■ **SUPPLIED RECORDS**
*** Block opens ***

lemma s_gen_cases:
  assumes "n > 1"
  shows "(s_gen n a j = j + 1 \<and> j mod int n = int a mod int n)
       \<or> (s_gen n a j = j - 1 \<and> j mod int n = (int a + 1) mod int n)
       \<or> (s_gen n a j = j \<and> j mod int n \<noteq> int a mod int n \<and> j mod int n \<noteq> (int a + 1) mod int n)"
  using s_gen_eq_of_bool[OF assms, of a j] add_one_mod_neq[OF assms, of "int a"] by auto

lemma s_gen_s_gen:
  assumes "n > 1"
  shows "s_gen n k (s_gen n k j) = j"
proof -
  consider "j mod int n = int k mod int n" | "j mod int n = (int k + 1) mod int n"
    | "j mod int n \<noteq> int k mod int n \<and> j mod int n \<noteq> (int k + 1) mod int n" by blast
  then show ?thesis
  proof cases
    case 1
    then have "(j + 1) mod int n = (int k + 1) mod int n" by (metis mod_add_left_eq)
    then show ?thesis using 1 s_gen_at_left s_gen_at_right assms by auto
  next
    case 2
    then have "(j - 1) mod int n = int k mod int n" by (metis add_diff_cancel_right' mod_diff_left_eq)
    then show ?thesis using 2 s_gen_at_left s_gen_at_right assms by auto
  next
    case 3
    then show ?thesis using s_gen_fixed by auto
  qed
qed

lemma s_gen_comp_s_gen: "n > 1 \<Longrightarrow> s_gen n k \<circ> s_gen n k = id"
  using s_gen_s_gen by auto

lemma comp_s_gen_s_gen: "n > 1 \<Longrightarrow> (u \<circ> s_gen n a) \<circ> s_gen n a = u"
  by (simp add: comp_assoc s_gen_comp_s_gen)

lemma bij_s_gen: "n > 1 \<Longrightarrow> bij (s_gen n k)"
  using s_gen_s_gen by (metis bij_betw_byWitness top_greatest subsetI UNIV_I)

lemma inv_s_gen: "n > 1 \<Longrightarrow> inv (s_gen n k) = s_gen n k"
  by (metis inv_unique_comp s_gen_comp_s_gen)

lemma inv_s_gen_comp: "n > 1 \<Longrightarrow> bij w \<Longrightarrow> inv (s_gen n a \<circ> w) = inv w \<circ> s_gen n a"
  by (metis o_inv_distrib bij_s_gen inv_s_gen)

lemma s_gen_add_period: "s_gen n k (j + int n) = s_gen n k j + int n"
  by (simp add: s_gen_def)

lemma s_gen_self: "s_gen n a (int a) = int a + 1"
  by (simp add: s_gen_at_left)

lemma s_gen_Suc_self: "n > 1 \<Longrightarrow> s_gen n a (int a + 1) = int a"
  by (simp add: s_gen_at_right)

lemma s_gen_add_two_self: "n > 2 \<Longrightarrow> s_gen n a (int a + 2) = int a + 2"
  using add_two_mod_neq[of n "int a"] by (intro s_gen_fixed) auto

lemma add_mult_period:
  fixes f :: "int \<Rightarrow> int"
  assumes "\<And>i. f (i + c) = f i + d"
  shows "f (i + t * c) = f i + t * d"
proof (induction t rule: int_induct[where k = 0])
  case (step1 t)
  then show ?case using assms[of "i + t * c"] by (simp add: algebra_simps)
next
  case (step2 t)
  then show ?case using assms[of "i + (t - 1) * c"] by (simp add: algebra_simps)
qed simp

lemma add_mult_period_invariant:
  assumes "\<And>i. f (i + c) = f (i::int)"
  shows "f (i + t * c) = f i"
proof (induction t rule: int_induct[where k = 0])
  case (step1 t)
  then show ?case using assms[of "i + t * c"] by (simp add: algebra_simps)
next
  case (step2 t)
  then show ?case using assms[of "i + (t - 1) * c"] by (simp add: algebra_simps)
qed simp

definition periodic_perm :: "nat \<Rightarrow> (int \<Rightarrow> int) \<Rightarrow> bool" where
  "periodic_perm n u \<longleftrightarrow> bij u \<and> (\<forall>i. u (i + int n) = u i + int n)"

lemma periodic_perm_add_mult:
  "periodic_perm n u \<Longrightarrow> u (i + t * int n) = u i + t * int n"
  unfolding periodic_perm_def by (intro add_mult_period) auto

lemma periodic_perm_id: "periodic_perm n id"
  by (simp add: periodic_perm_def)

lemma periodic_perm_comp: "periodic_perm n u \<Longrightarrow> periodic_perm n v \<Longrightarrow> periodic_perm n (u \<circ> v)"
  by (auto simp: periodic_perm_def bij_comp)

lemma periodic_perm_s_gen: "n > 1 \<Longrightarrow> periodic_perm n (s_gen n k)"
  by (simp add: periodic_perm_def bij_s_gen s_gen_add_period)

lemma periodic_perm_comp_s_gen: "n > 1 \<Longrightarrow> periodic_perm n u \<Longrightarrow> periodic_perm n (u \<circ> s_gen n a)"
  by (simp add: periodic_perm_comp periodic_perm_s_gen)

lemma periodic_perm_inv:
  assumes "periodic_perm n u"
  shows "periodic_perm n (inv u)"
proof -
  have b: "bij u" and P: "\<And>i. u (i + int n) = u i + int n"
    using assms periodic_perm_def by auto
  have "inv u (i + int n) = inv u i + int n" for i
  proof -
    have "u (inv u i + int n) = i + int n" using P b by (simp add: bij_is_surj surj_f_inv_f)
    then show ?thesis using b by (metis bij_inv_eq_iff)
  qed
  then show ?thesis using b bij_imp_bij_inv periodic_perm_def by auto
qed

lemma periodic_perm_neq_Suc: "periodic_perm n u \<Longrightarrow> u (int a) \<noteq> u (int a + 1)"
  unfolding periodic_perm_def by (metis bij_def inj_eq n_not_Suc_n of_nat_Suc of_nat_eq_iff add.commute)

lemma affine_perm_periodic: "affine_perm n w \<Longrightarrow> periodic_perm n w"
  by (simp add: affine_perm_def periodic_perm_def)

lemma periodic_perm_inv_affine: "affine_perm n w \<Longrightarrow> periodic_perm n (inv w)"
  by (simp add: affine_perm_periodic periodic_perm_inv)

lemma word_prod_Nil: "word_prod n [] = id"
  by (simp add: word_prod_def)

lemma word_prod_Cons: "word_prod n (a # ws) = s_gen n a \<circ> word_prod n ws"
  by (simp add: word_prod_def)

lemma word_prod_append: "word_prod n (xs @ ys) = word_prod n xs \<circ> word_prod n ys"
  by (induction xs) (auto simp: word_prod_Nil word_prod_Cons)

lemma periodic_perm_word_prod: "n > 1 \<Longrightarrow> periodic_perm n (word_prod n ws)"
  by (induction ws) (auto simp: word_prod_Nil word_prod_Cons periodic_perm_id periodic_perm_comp periodic_perm_s_gen)

lemma card_residue_preimage:
  assumes "periodic_perm n x" "n > 0"
  shows "card {i\<in>{1..int n}. x i mod int n = c mod int n} = 1"
proof -
  have b: "bij x" using assms periodic_perm_def by auto
  have window: "(i - 1) mod int n = i - 1" if "i \<in> {1..int n}" for i
    using that by simp
  obtain j where j: "x j = c" using b by (metis bij_pointE)
  define i0 where "i0 = (j - 1) mod int n + 1"
  have i0W: "i0 \<in> {1..int n}"
    unfolding i0_def using assms(2) by (simp add: pos_mod_bound pos_mod_sign add1_zle_eq)
  have "x j = x i0 + (j - 1) div int n * int n"
    using periodic_perm_add_mult[OF assms(1), of i0 "(j - 1) div int n"]
    by (simp add: i0_def algebra_simps)
  then have i0c: "x i0 mod int n = c mod int n" using j by (metis mod_mult_self1)
  have "i = i0" if "i \<in> {1..int n}" "x i mod int n = c mod int n" for i
  proof -
    have "x i mod int n = x i0 mod int n" using that i0c by simp
    then have "int n dvd x i - x i0" by (simp add: mod_eq_dvd_iff)
    then obtain s where "x i = x i0 + s * int n" by (metis dvdE add.commute diff_add_cancel mult.commute)
    then have "x i = x (i0 + s * int n)" using periodic_perm_add_mult[OF assms(1)] by simp
    then have "i = i0 + s * int n" using b by (meson bij_def inj_eq)
    then have "(i - 1) mod int n = (i0 - 1 + s * int n) mod int n" by (simp add: algebra_simps)
    also have "\<dots> = (i0 - 1) mod int n" by (rule mod_mult_self1)
    finally show ?thesis using window that(1) i0W by simp
  qed
  then have "{i\<in>{1..int n}. x i mod int n = c mod int n} = {i0}" using i0W i0c by blast
  then show ?thesis by simp
qed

*** Block closes ***

■ **TASK INSTRUCTIONS**
Please, from the material above, copy only the lines from the line with "obtain j where" up to and including the line with "(simp add: mod_eq_dvd_iff)", exactly as written.

■ **TASK RESPONSE**
  obtain j where j: "x j = c" using b by (metis bij_pointE)
  define i0 where "i0 = (j - 1) mod int n + 1"
  have i0W: "i0 \<in> {1..int n}"
    unfolding i0_def using assms(2) by (simp add: pos_mod_bound pos_mod_sign add1_zle_eq)
  have "x j = x i0 + (j - 1) div int n * int n"
    using periodic_perm_add_mult[OF assms(1), of i0 "(j - 1) div int n"]
    by (simp add: i0_def algebra_simps)
  then have i0c: "x i0 mod int n = c mod int n" using j by (metis mod_mult_self1)
  have "i = i0" if "i \<in> {1..int n}" "x i mod int n = c mod int n" for i
  proof -
    have "x i mod int n = x i0 mod int n" using that i0c by simp
    then have "int n dvd x i - x i0" by (simp add: mod_eq_dvd_iff)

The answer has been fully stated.